Great!  The c(…) function made a vector of strings, one for each column in the file; each entry is the name of the class for that column and we pass it in to the read.csv(…) function.  Next, we want just the tweets with @ symbols.  In R, we can grep in a string like so:

> grep("@", "this is a test")
integer(0)
> grep("@", "this is @ test")
[1] 1
> grep("@", c("this is not a test", "this is @ test"))
[1] 2

That 1 is an array index, not a truth value.  Watch, lets check for an @ symbol in the first 5 rows of our dataset.

> grep("@", f$Body[1:5])
[1] 3 4 5

So, rows 3, 4, and 5 have an @ symbol.  Oh hey, that’s a nice little index vector into the csv file!  So, if we want to make a new variable which is just the @ symbols, it’s easy, just say give us all those rows by passing that vector in as the row indices.

> dim(f)
[1] 9413    9
> ats <- f[grep("@", f$Body), ]
> dim(ats)
[1] 4031    9

So roughly 42% of the dataset has @ symbols.

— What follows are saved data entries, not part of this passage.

lemma eigen_projection_in_ker_shift:
  assumes "mu \<noteq> 0" "u \<in> ker_shift \<Omega> (\<lambda>u. T (T u)) (mu^2)"
  shows "(\<lambda>y. cl_add (cl_scale (1/2) (u y)) (cl_scale (1/(2*mu)) (T u y))) \<in> ker_shift \<Omega> T mu"
  unfolding ker_shift_def
proof (intro CollectI conjI ballI)
  have u: "cl_smooth \<Omega> u" "\<And>x. x \<in> \<Omega> \<Longrightarrow> T (T u) x = cl_scale (mu^2) (u x)"
    using assms(2) unfolding ker_shift_def by blast+
  then show "cl_smooth \<Omega> (\<lambda>y. cl_add (cl_scale (1/2) (u y)) (cl_scale (1/(2*mu)) (T u y)))"
    by (intro cl_smooth_lincomb open_domain smooth_preserving)
  fix x assume "x \<in> \<Omega>"
  then have "T (\<lambda>y. cl_add (cl_scale (1/2) (u y)) (cl_scale (1/(2*mu)) (T u y))) x
      = cl_add (cl_scale (1/2) (T u x)) (cl_scale (1/(2*mu)) (cl_scale (mu^2) (u x)))"
    using u by (simp add: linear_on_smooth smooth_preserving)
  also have "\<dots> = cl_scale mu (cl_add (cl_scale (1/2) (u x)) (cl_scale (1/(2*mu)) (T u x)))"
    using assms(1) by (simp add: fun_eq_iff cl_add_def cl_scale_def field_simps power2_eq_square)
  finally show "T (\<lambda>y. cl_add (cl_scale (1/2) (u y)) (cl_scale (1/(2*mu)) (T u y))) x
      = cl_scale mu (cl_add (cl_scale (1/2) (u x)) (cl_scale (1/(2*mu)) (T u x)))" .
qed

lemma ker_square_decomposition:
  assumes "mu \<noteq> 0" "u \<in> ker_shift \<Omega> (\<lambda>u. T (T u)) (mu^2)"
  shows "\<exists>u1\<in>ker_shift \<Omega> T mu. \<exists>u2\<in>ker_shift \<Omega> T (-mu). \<forall>x\<in>\<Omega>. u x = cl_add (u1 x) (u2 x)"
proof (intro bexI)
  show "(\<lambda>y. cl_add (cl_scale (1/2) (u y)) (cl_scale (1/(2*mu)) (T u y))) \<in> ker_shift \<Omega> T mu"
    by (rule eigen_projection_in_ker_shift[OF assms])
  show "(\<lambda>y. cl_add (cl_scale (1/2) (u y)) (cl_scale (1/(2*-mu)) (T u y))) \<in> ker_shift \<Omega> T (-mu)"
    using eigen_projection_in_ker_shift[of "-mu" u] assms by simp
  show "\<forall>x\<in>\<Omega>. u x = cl_add (cl_add (cl_scale (1/2) (u x)) (cl_scale (1/(2*mu)) (T u x)))
                              (cl_add (cl_scale (1/2) (u x)) (cl_scale (1/(2*-mu)) (T u x)))"
    using assms(1) by (simp add: cl_add_def cl_scale_def field_simps)
qed

lemma ker_shift_opposite_agree_eq_zero:
  assumes "mu \<noteq> 0" "u1 \<in> ker_shift \<Omega> T mu" "u2 \<in> ker_shift \<Omega> T (-mu)"
    and "\<forall>x\<in>\<Omega>. u1 x = u2 x" "x \<in> \<Omega>"
  shows "u1 x = cl_zero"
proof -
  have "cl_scale mu (u1 x) = cl_scale (-mu) (u1 x)"
    using local[OF assms(4,5)] assms(2-5) unfolding ker_shift_def by simp
  then show ?thesis
    using assms(1) by (simp add: fun_eq_iff cl_scale_def cl_zero_def)
qed

lemma direct_sum_ker_square:
  assumes "mu \<noteq> 0"
  shows "direct_sum_on \<Omega> (ker_shift \<Omega> (\<lambda>u. T (T u)) (mu^2)) (ker_shift \<Omega> T mu) (ker_shift \<Omega> T (-mu))"
  unfolding direct_sum_on_def
  using ker_shift_subset_ker_square[of mu "mu^2"] ker_shift_subset_ker_square[of "-mu" "mu^2"]
    ker_square_decomposition[OF assms] ker_shift_opposite_agree_eq_zero[OF assms]
  by (auto simp: power2_eq_square)

end

definition opT :: "complex \<Rightarrow> ((real, 'n::{finite,linorder}) vec \<Rightarrow> (real, 'n) vec)
    \<Rightarrow> ((real, 'n) vec \<Rightarrow> 'n cl) \<Rightarrow> (real, 'n) vec \<Rightarrow> 'n cl" where
  "opT s f u = (\<lambda>x. cl_mult (cl_add (dirac u x) (cl_scale s (Mr (\<lambda>y. cl_vec (f y)) u x))) ieN)"

lemma opA_eq_opT: "opA f = opT (-1) f"
  unfolding opA_def opT_def cl_sub_def cl_add_def cl_scale_def by simp

lemma opB_eq_opT: "opB f = opT 1 f"
  unfolding opB_def opT_def cl_scale_def by simp

lemma local_linear_cl_operator_opT:
  assumes "open \<Omega>" "vec_smooth \<Omega> f"
  shows "local_linear_cl_operator \<Omega> (opT s f)"
proof
  show "cl_smooth \<Omega> (opT s f u)" if "cl_smooth \<Omega> u" for u
    unfolding cl_smooth_def opT_def cl_add_def cl_scale_def
    by (intro allI smooth_fun_cl_mult[OF assms(1)] smooth_fun_const smooth_fun_add[OF assms(1)]
        smooth_fun_cmult[OF assms(1)] smooth_fun_dirac[OF assms(1) that] smooth_fun_Mr_vec[OF assms(1) that assms(2)])
  show "opT s f (\<lambda>y. cl_add (cl_scale a (u y)) (cl_scale b (v y))) x
      = cl_add (cl_scale a (opT s f u x)) (cl_scale b (opT s f v x))"
    if "cl_smooth \<Omega> u" "cl_smooth \<Omega> v" "x \<in> \<Omega>" for u v a b x
    by (simp only: opT_def Mr_def dirac_lincomb[OF that(3,1,2)] cl_mult_add_left cl_mult_scale_left)
       (simp add: fun_eq_iff cl_add_def cl_scale_def algebra_simps)
  show "opT s f u x = opT s f v x" if "\<forall>y\<in>\<Omega>. u y = v y" "x \<in> \<Omega>" for u v x
    unfolding opT_def Mr_def using dirac_cong_on[OF assms(1) that(2,1)] that by simp
qed (fact assms(1))
lemma universal_decodes_sorted_programs:
  assumes "universal U"
  obtains qD where "\<And>ps xs. list_all2 (\<lambda>p x. 3 \<le> length p \<and> U p = Some x) ps xs
      \<Longrightarrow> sorted (map prog_key ps) \<Longrightarrow> U (qD @ encode_programs 0 ps) = Some (concat xs)"
proof -
  from assms obtain fU where fU: "\<And>x y. U x = Some y \<longleftrightarrow> eval fU [enc x] (enc y)"
    by (auto simp: universal_def partial_computable_def)
  define cv where "cv z \<longleftrightarrow> U (dec z) \<noteq> None" for z
  define uo where "uo z = enc (the (U (dec z)))" for z
  have eval_fU: "eval fU [z] (uo z)" if "cv z" for z
  proof -
    from that obtain y where "U (dec z) = Some y" by (auto simp: cv_def)
    with fU[of "dec z" y] show ?thesis by (simp add: uo_def)
  qed
  obtain q0 where q0: "\<And>x v. eval Z [enc x] v \<Longrightarrow> U (q0 @ x) = Some (dec v)"
    using universal_simulates_recf[OF assms] by blast
  have "U q0 = Some []"
    using q0[OF eval_Z[of "[enc []]"]] by simp
  then have decoder: "decoder fU uo cv (enc q0)"
    by unfold_locales (rule eval_fU, simp_all add: cv_def uo_def)
  obtain qD where qD: "\<And>x v. eval (rec_decoder fU (enc q0)) [enc x] v \<Longrightarrow> U (qD @ x) = Some (dec v)"
    using universal_simulates_recf[OF assms] by blast
  show thesis
  proof (rule that)
    fix ps xs
    assume progs: "list_all2 (\<lambda>p x. 3 \<le> length p \<and> U p = Some x) ps xs"
      and sorted: "sorted (map prog_key ps)"
    interpret decoder fU uo cv "enc q0" "enc (encode_programs 0 ps)" by (rule decoder)
    from progs have "list_all2 (\<lambda>p x. 3 \<le> length p \<and> cv (enc p) \<and> uo (enc p) = enc x) ps xs"
      by (rule list_all2_mono) (simp add: cv_def uo_def)
    from eval_rec_decoder[OF this sorted refl]
    show "U (qD @ encode_programs 0 ps) = Some (concat xs)" by (simp add: qD)
  qed
qed
section \<open>Splitting the cost at one particle\<close>

definition cost_at :: "(real \<Rightarrow> real \<Rightarrow> ennreal) \<Rightarrow> nat \<Rightarrow> nat \<Rightarrow> (nat \<Rightarrow> real) \<Rightarrow> ennreal" where
  "cost_at w n j u = (\<Sum>l\<in>{..<n}-{j}. w (u j) (u l)) + (\<Sum>i\<in>{..<n}-{j}. w (u i) (u j))"

definition cost_off :: "(real \<Rightarrow> real \<Rightarrow> ennreal) \<Rightarrow> nat \<Rightarrow> nat \<Rightarrow> (nat \<Rightarrow> real) \<Rightarrow> ennreal" where
  "cost_off w n j u = (\<Sum>i\<in>{..<n}-{j}. \<Sum>l\<in>{..<n}-{i}-{j}. w (u i) (u l))"

lemma cost_split:
  assumes "j < n"
  shows "cost w n u = cost_at w n j u + cost_off w n j u"
proof -
  have "cost w n u = (\<Sum>l\<in>{..<n}-{j}. w (u j) (u l)) + (\<Sum>i\<in>{..<n}-{j}. \<Sum>l\<in>{..<n}-{i}. w (u i) (u l))"
    unfolding cost_def using assms by (subst sum.remove[of _ j]) auto
  also have "(\<Sum>i\<in>{..<n}-{j}. \<Sum>l\<in>{..<n}-{i}. w (u i) (u l))
      = (\<Sum>i\<in>{..<n}-{j}. w (u i) (u j) + (\<Sum>l\<in>{..<n}-{i}-{j}. w (u i) (u l)))"
  proof (rule sum.cong)
    fix i assume "i \<in> {..<n} - {j}"
    then show "(\<Sum>l\<in>{..<n}-{i}. w (u i) (u l)) = w (u i) (u j) + (\<Sum>l\<in>{..<n}-{i}-{j}. w (u i) (u l))"
      using assms by (subst sum.remove[of _ j]) (auto simp: Diff_insert2[symmetric] insert_commute)
  qed simp
  finally show ?thesis
    unfolding cost_at_def cost_off_def by (simp add: sum.distrib add.assoc)
qed

lemma cost_off_fun_upd [simp]: "cost_off w n j (u(j := v)) = cost_off w n j u"
  unfolding cost_off_def by (intro sum.cong refl) auto

lemma cost_comp_bij:
  assumes "bij_betw p {..<n} {..<n}"
  shows "cost w n (u \<circ> p) = cost w n u"
proof -
  have inj: "inj_on p {..<n}" and img: "p ` {..<n} = {..<n}"
    using assms by (auto simp: bij_betw_def)
  have inner: "(\<Sum>l\<in>{..<n}-{i}. w (u (p i)) (u (p l))) = (\<Sum>l\<in>{..<n}-{p i}. w (u (p i)) (u l))"
    if "i < n" for i
  proof -
    have "p ` ({..<n} - {i}) = {..<n} - {p i}"
      using inj img that by (auto simp: inj_on_image_set_diff)
    then show ?thesis
      using sum.reindex[of p "{..<n}-{i}" "\<lambda>l. w (u (p i)) (u l)"]
      by (simp add: inj_on_subset[OF inj] comp_def)
  qed
  have "cost w n (u \<circ> p) = (\<Sum>i\<in>{..<n}. \<Sum>l\<in>{..<n}-{p i}. w (u (p i)) (u l))"
    unfolding cost_def comp_def by (rule sum.cong[OF refl]) (simp add: inner)
  also have "\<dots> = (\<Sum>i\<in>p ` {..<n}. \<Sum>l\<in>{..<n}-{i}. w (u i) (u l))"
    using sum.reindex[OF inj, of "\<lambda>i. \<Sum>l\<in>{..<n}-{i}. w (u i) (u l)"] by simp
  also have "\<dots> = cost w n u" unfolding cost_def img ..
  finally show ?thesis .
qed
lemma sinus_real_mode_Re_Im:
  assumes "3 * pi\<^sup>2 / 4 \<le> \<alpha>\<^sup>2" "- (pi\<^sup>2 / 2) \<le> \<beta>" "\<beta> \<le> pi\<^sup>2 / 2"
    and cont: "continuous_on {-1..1} \<phi>" "continuous_on {-1..1} \<phi>'"
    and d\<phi>: "\<And>y. y \<in> {-1<..<1} \<Longrightarrow> (\<phi> has_vector_derivative \<phi>' y) (at y)"
    and d\<phi>': "\<And>y. y \<in> {-1<..<1} \<Longrightarrow> c = U_beta \<beta> \<or> sinus_flow y \<noteq> c \<Longrightarrow>
               (\<phi>' has_vector_derivative complex_of_real (sinus_potential \<alpha> \<beta> c y) * \<phi> y) (at y)"
    and "\<phi> (-1) = 0" "\<phi> 1 = 0"
  shows "sinus_real_mode \<alpha> \<beta> c (\<lambda>y. Re (\<phi> y)) (\<lambda>y. Re (\<phi>' y))"
    and "sinus_real_mode \<alpha> \<beta> c (\<lambda>y. Im (\<phi> y)) (\<lambda>y. Im (\<phi>' y))"
proof -
  show "sinus_real_mode \<alpha> \<beta> c (\<lambda>y. Re (\<phi> y)) (\<lambda>y. Re (\<phi>' y))"
  proof
    show "continuous_on {-1..1} (\<lambda>y. Re (\<phi> y))" "continuous_on {-1..1} (\<lambda>y. Re (\<phi>' y))"
      using cont by (auto intro: continuous_intros)
    show "((\<lambda>y. Re (\<phi> y)) has_real_derivative Re (\<phi>' y)) (at y)" if "y \<in> {-1<..<1}" for y
      using has_vector_derivative_Re_Im(1)[OF d\<phi>[OF that]] .
    show "((\<lambda>y. Re (\<phi>' y)) has_real_derivative sinus_potential \<alpha> \<beta> c y * Re (\<phi> y)) (at y)"
      if "y \<in> {-1<..<1}" "c = U_beta \<beta> \<or> sinus_flow y \<noteq> c" for y
      using has_vector_derivative_Re_Im(1)[OF d\<phi>'[OF that]] by simp
  qed (use assms U_beta_bounds in auto)
  show "sinus_real_mode \<alpha> \<beta> c (\<lambda>y. Im (\<phi> y)) (\<lambda>y. Im (\<phi>' y))"
  proof
    show "continuous_on {-1..1} (\<lambda>y. Im (\<phi> y))" "continuous_on {-1..1} (\<lambda>y. Im (\<phi>' y))"
      using cont by (auto intro: continuous_intros)
    show "((\<lambda>y. Im (\<phi> y)) has_real_derivative Im (\<phi>' y)) (at y)" if "y \<in> {-1<..<1}" for y
      using has_vector_derivative_Re_Im(2)[OF d\<phi>[OF that]] .
    show "((\<lambda>y. Im (\<phi>' y)) has_real_derivative sinus_potential \<alpha> \<beta> c y * Im (\<phi> y)) (at y)"
      if "y \<in> {-1<..<1}" "c = U_beta \<beta> \<or> sinus_flow y \<noteq> c" for y
      using has_vector_derivative_Re_Im(2)[OF d\<phi>'[OF that]] by simp
  qed (use assms U_beta_bounds in auto)
qed
(* Let $m\geq 4$ be an integer and let $G$ be an $m$-free digraph with at least one vertex. Define, for $v\in V(G)$ and $1\leq k\leq m-3$, $\alpha_k(v)=p_k(v)/s_k(v)$ and $\beta_k(v)=r'_k(v)/t_k(v)$ (with the conventions $a/0=+\infty$ for $a>0$ and $0/0=0$), and let $\alpha=\min_{v\in V(G),\,1\leq k\leq m-3}\alpha_k(v)$ and $\beta=\min_{v\in V(G),\,1\leq k\leq m-3}\beta_k(v)$. Then $\min\{\alpha,\beta\}\leq \frac{1}{m-2}$.
   Context: All digraphs are finite, without loops and without parallel edges. A digraph is $m$-free if it has no directed cycle of length at most $m$. For a vertex $v$ and $i\geq 0$, $N_i^+(v)$ is the set of vertices $u$ such that the shortest directed path from $v$ to $u$ has length exactly $i$. A directed path $(v_0,\dots,v_k)$ consists of distinct vertices with $(v_i,v_{i+1})$ an edge for each $i$; its length is $k$. It is induced if every edge of $G$ with both ends in $\{v_0,\dots,v_k\}$ is one of the edges $(v_i,v_{i+1})$; it is a shortest induced directed path if it is induced and $v_k\in N_k^+(v_0)$. Let $\mathscr{P}(G)$ be the set of shortest induced directed paths of $G$. For an integer $k\geq1$ and $v\in V(G)$: $P_k(v)$ (resp. $Q_k(v)$, $R_k(v)$) is the set of triples $(x,y,z)$ of vertices for which there exist vertices $w_1,\dots,w_k$ with $(x,w_1,\dots,w_k,y,z)\in\mathscr{P}(G)$ and $x=v$ (resp. $y=v$, $z=v$). $P'_k(v)$ (resp. $Q'_k(v)$, $R'_k(v)$) is the set of triples $(x,y,z)$ for which there exist $w_1,\dots,w_k$ with $(x,y,w_1,\dots,w_k,z)\in\mathscr{P}(G)$ and $x=v$ (resp. $y=v$, $z=v$). Lowercase letters denote cardinalities: $p_k(v)=|P_k(v)|$, etc. For $1\leq k\leq m-3$: $s_k(v)=\sum_{i=k}^{m-3}p'_i(v)+\sum_{i=1}^{k}q'_i(v)$ and $t_k(v)=\sum_{i=k}^{m-3}r_i(v)+\sum_{i=1}^{k}q_i(v)$. *)

theory Defs
  imports "HOL-Library.Extended_Real"
begin

text \<open>A digraph is given by a finite vertex set V and an edge relation E \<subseteq> V \<times> V
  without loops (a relation automatically excludes parallel edges).\<close>

definition digraph :: "'a set \<Rightarrow> ('a \<times> 'a) set \<Rightarrow> bool" where
  "digraph V E \<longleftrightarrow> finite V \<and> E \<subseteq> V \<times> V \<and> (\<forall>v. (v, v) \<notin> E)"

text \<open>A directed path (v_0,...,v_k) as a nonempty list of distinct vertices;
  its length is length xs - 1.\<close>
definition dpath :: "('a \<times> 'a) set \<Rightarrow> 'a list \<Rightarrow> bool" where
  "dpath E xs \<longleftrightarrow> xs \<noteq> [] \<and> distinct xs \<and>
     (\<forall>i. Suc i < length xs \<longrightarrow> (xs ! i, xs ! Suc i) \<in> E)"

definition dcycle :: "('a \<times> 'a) set \<Rightarrow> 'a list \<Rightarrow> bool" where
  "dcycle E cs \<longleftrightarrow> cs \<noteq> [] \<and> distinct cs \<and>
     (\<forall>i < length cs. (cs ! i, cs ! (Suc i mod length cs)) \<in> E)"

definition m_free :: "nat \<Rightarrow> ('a \<times> 'a) set \<Rightarrow> bool" where
  "m_free m E \<longleftrightarrow> \<not> (\<exists>cs. dcycle E cs \<and> length cs \<le> m)"

definition Nout :: "'a set \<Rightarrow> ('a \<times> 'a) set \<Rightarrow> 'a \<Rightarrow> nat \<Rightarrow> 'a set" where
  "Nout V E v i = {u \<in> V. (\<exists>xs. dpath E xs \<and> hd xs = v \<and> last xs = u \<and> length xs = Suc i) \<and>
      \<not> (\<exists>xs. dpath E xs \<and> hd xs = v \<and> last xs = u \<and> length xs < Suc i)}"

definition induced_path :: "('a \<times> 'a) set \<Rightarrow> 'a list \<Rightarrow> bool" where
  "induced_path E xs \<longleftrightarrow> dpath E xs \<and>
     (\<forall>i < length xs. \<forall>j < length xs. (xs ! i, xs ! j) \<in> E \<longrightarrow> j = Suc i)"

definition SIP :: "'a set \<Rightarrow> ('a \<times> 'a) set \<Rightarrow> 'a list set" where
  "SIP V E = {xs. induced_path E xs \<and> last xs \<in> Nout V E (hd xs) (length xs - 1)}"

definition Pk :: "'a set \<Rightarrow> ('a \<times> 'a) set \<Rightarrow> nat \<Rightarrow> 'a \<Rightarrow> ('a \<times> 'a \<times> 'a) set" where
  "Pk V E k v = {(x, y, z). \<exists>ws. length ws = k \<and> x # ws @ [y, z] \<in> SIP V E \<and> x = v}"
definition Qk :: "'a set \<Rightarrow> ('a \<times> 'a) set \<Rightarrow> nat \<Rightarrow> 'a \<Rightarrow> ('a \<times> 'a \<times> 'a) set" where
  "Qk V E k v = {(x, y, z). \<exists>ws. length ws = k \<and> x # ws @ [y, z] \<in> SIP V E \<and> y = v}"
definition Rk :: "'a set \<Rightarrow> ('a \<times> 'a) set \<Rightarrow> nat \<Rightarrow> 'a \<Rightarrow> ('a \<times> 'a \<times> 'a) set" where
  "Rk V E k v = {(x, y, z). \<exists>ws. length ws = k \<and> x # ws @ [y, z] \<in> SIP V E \<and> z = v}"
definition Pk' :: "'a set \<Rightarrow> ('a \<times> 'a) set \<Rightarrow> nat \<Rightarrow> 'a \<Rightarrow> ('a \<times> 'a \<times> 'a) set" where
  "Pk' V E k v = {(x, y, z). \<exists>ws. length ws = k \<and> x # y # ws @ [z] \<in> SIP V E \<and> x = v}"
definition Qk' :: "'a set \<Rightarrow> ('a \<times> 'a) set \<Rightarrow> nat \<Rightarrow> 'a \<Rightarrow> ('a \<times> 'a \<times> 'a) set" where
  "Qk' V E k v = {(x, y, z). \<exists>ws. length ws = k \<and> x # y # ws @ [z] \<in> SIP V E \<and> y = v}"
definition Rk' :: "'a set \<Rightarrow> ('a \<times> 'a) set \<Rightarrow> nat \<Rightarrow> 'a \<Rightarrow> ('a \<times> 'a \<times> 'a) set" where
  "Rk' V E k v = {(x, y, z). \<exists>ws. length ws = k \<and> x # y # ws @ [z] \<in> SIP V E \<and> z = v}"

definition s_k :: "nat \<Rightarrow> 'a set \<Rightarrow> ('a \<times> 'a) set \<Rightarrow> nat \<Rightarrow> 'a \<Rightarrow> nat" where
  "s_k m V E k v = (\<Sum>i=k..m-3. card (Pk' V E i v)) + (\<Sum>i=1..k. card (Qk' V E i v))"
definition t_k :: "nat \<Rightarrow> 'a set \<Rightarrow> ('a \<times> 'a) set \<Rightarrow> nat \<Rightarrow> 'a \<Rightarrow> nat" where
  "t_k m V E k v = (\<Sum>i=k..m-3. card (Rk V E i v)) + (\<Sum>i=1..k. card (Qk V E i v))"

definition ratio :: "nat \<Rightarrow> nat \<Rightarrow> ereal" where
  "ratio a b = (if b = 0 then (if a = 0 then 0 else \<infinity>) else ereal (real a / real b))"

definition alpha_k :: "nat \<Rightarrow> 'a set \<Rightarrow> ('a \<times> 'a) set \<Rightarrow> nat \<Rightarrow> 'a \<Rightarrow> ereal" where
  "alpha_k m V E k v = ratio (card (Pk V E k v)) (s_k m V E k v)"
definition beta_k :: "nat \<Rightarrow> 'a set \<Rightarrow> ('a \<times> 'a) set \<Rightarrow> nat \<Rightarrow> 'a \<Rightarrow> ereal" where
  "beta_k m V E k v = ratio (card (Rk' V E k v)) (t_k m V E k v)"

definition alpha :: "nat \<Rightarrow> 'a set \<Rightarrow> ('a \<times> 'a) set \<Rightarrow> ereal" where
  "alpha m V E = Min {alpha_k m V E k v | k v. v \<in> V \<and> 1 \<le> k \<and> k \<le> m - 3}"
definition beta :: "nat \<Rightarrow> 'a set \<Rightarrow> ('a \<times> 'a) set \<Rightarrow> ereal" where
  "beta m V E = Min {beta_k m V E k v | k v. v \<in> V \<and> 1 \<le> k \<and> k \<le> m - 3}"

end

theory Submission imports Defs begin

(* Proof idea: a double-counting argument.  Write n = m - 3 and let T_k (resp. T'_k) be the
   set of triples (x,y,z) read off the shortest induced paths x w_1 ... w_k y z
   (resp. x y w_1 ... w_k z).  Summing p_k(v), q_k(v), r_k(v) over all vertices v counts every
   triple of T_k exactly once, and likewise for the primed quantities and T'_k.  Hence
   summing s_k(v) over v gives the "window sum" W(|T'|, k) = sum_{i=k..n} |T'_i| + sum_{i=1..k} |T'_i|,
   and summing t_k(v) gives W(|T|, k).
   If both alpha and beta exceeded 1/(n+1), then (n+1) |T_k| > W(|T'|, k) and
   (n+1) |T'_k| > W(|T|, k) for all 1 <= k <= n.  But the window sums of any sequence f satisfy
   sum_{k=1..n} W(f, k) = (n+1) sum_{k=1..n} f_k, so summing over k yields both
   (n+1) sum |T'| < (n+1) sum |T| and the reverse inequality, a contradiction. *)

definition window :: "(nat \<Rightarrow> 'b::comm_monoid_add) \<Rightarrow> nat \<Rightarrow> nat \<Rightarrow> 'b" where
  "window f n k = (\<Sum>i=k..n. f i) + (\<Sum>i=1..k. f i)"

text \<open>Every term f i is counted once in each of the n windows plus once more in window i,
  so the window sums add up to (n+1) times the total.\<close>
lemma sum_window:
  fixes f :: "nat \<Rightarrow> 'b::comm_semiring_1"
  shows "(\<Sum>k=1..n. window f n k) = of_nat (Suc n) * (\<Sum>i=1..n. f i)"
proof (induction n)
  case 0
  then show ?case by (simp add: window_def)
next
  case (Suc n)
  have step: "window f (Suc n) k = window f n k + f (Suc n)" if "k \<in> {1..n}" for k
    using that by (simp add: window_def sum.cl_ivl_Suc algebra_simps)
  have "(\<Sum>k=1..Suc n. window f (Suc n) k)
      = (\<Sum>k=1..n. window f n k + f (Suc n)) + window f (Suc n) (Suc n)"
    by (simp add: sum.cl_ivl_Suc step)
  also have "\<dots> = of_nat (Suc n) * (\<Sum>i=1..n. f i) + of_nat n * f (Suc n)
                  + (f (Suc n) + (\<Sum>i=1..Suc n. f i))"
    using Suc by (simp add: sum.distrib window_def)
  finally show ?case by (simp add: sum.cl_ivl_Suc algebra_simps)
qed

Now we’ll need the zoo package.  Go get it.

> install.packages("zoo")
Installing package(s) into ‘/Users/shamma/Library/R/2.13/library’
(as ‘lib’ is unspecified)
trying URL 'http://cran.cnr.berkeley.edu/bin/macosx/leopard/contrib/2.13/zoo_1.7-6.tgz'
Content type 'application/x-gzip' length 1396545 bytes (1.3 Mb)
opened URL
==================================================
downloaded 1.3 Mb

The downloaded packages are in
	/var/folders/un/unv7BK-CG2qWofD8jLjha+++Q3I/-Tmp-//RtmpcbF2jV/downloaded_packages

Now, we still need the first column as timestamps, not character arrays.

> ?strptime
> strptime(ats[1,1], format="%m/%d/%y %I:%M %p")
[1] "2011-01-31 04:20:00"
> class(strptime(ats[1,1], format="%m/%d/%y %I:%M %p"))
[1] "POSIXlt" "POSIXt"

strptime(…) lets us convert strings to timestamps with a specified format.  The ?strptime command will tell you what to use for formatting as its different from other languages you might know.  Great, we can do this against the whole column and make a “zoo” or Z’s Ordered Observations.

> library(zoo)

Attaching package: ‘zoo’

The following object(s) are masked from ‘package:base’:

    as.Date, as.Date.numeric

> ?zoo
> z <- zoo(ats$Title, order.by=strptime(ats[,1], format="%m/%d/%y %I:%M %p"))
Warning message:
In zoo(ats$Title, order.by = strptime(ats[, 1], format = "%m/%d/%y %I:%M %p")) :
  some methods for “zoo” objects do not work if the index entries in ‘order.by’ are not unique

Just ignore the warnings right now.  What we are doing is ordering our data set (in this case the Titles) by the timestamp.  The strptime(…) command is applied to the first column of the dataset (remember how R distributes a function across a vector?).  Really we are going to use the zoo as an intermediate data structure.  Now we aggregate them, and we will do this by the number of tweets by minute.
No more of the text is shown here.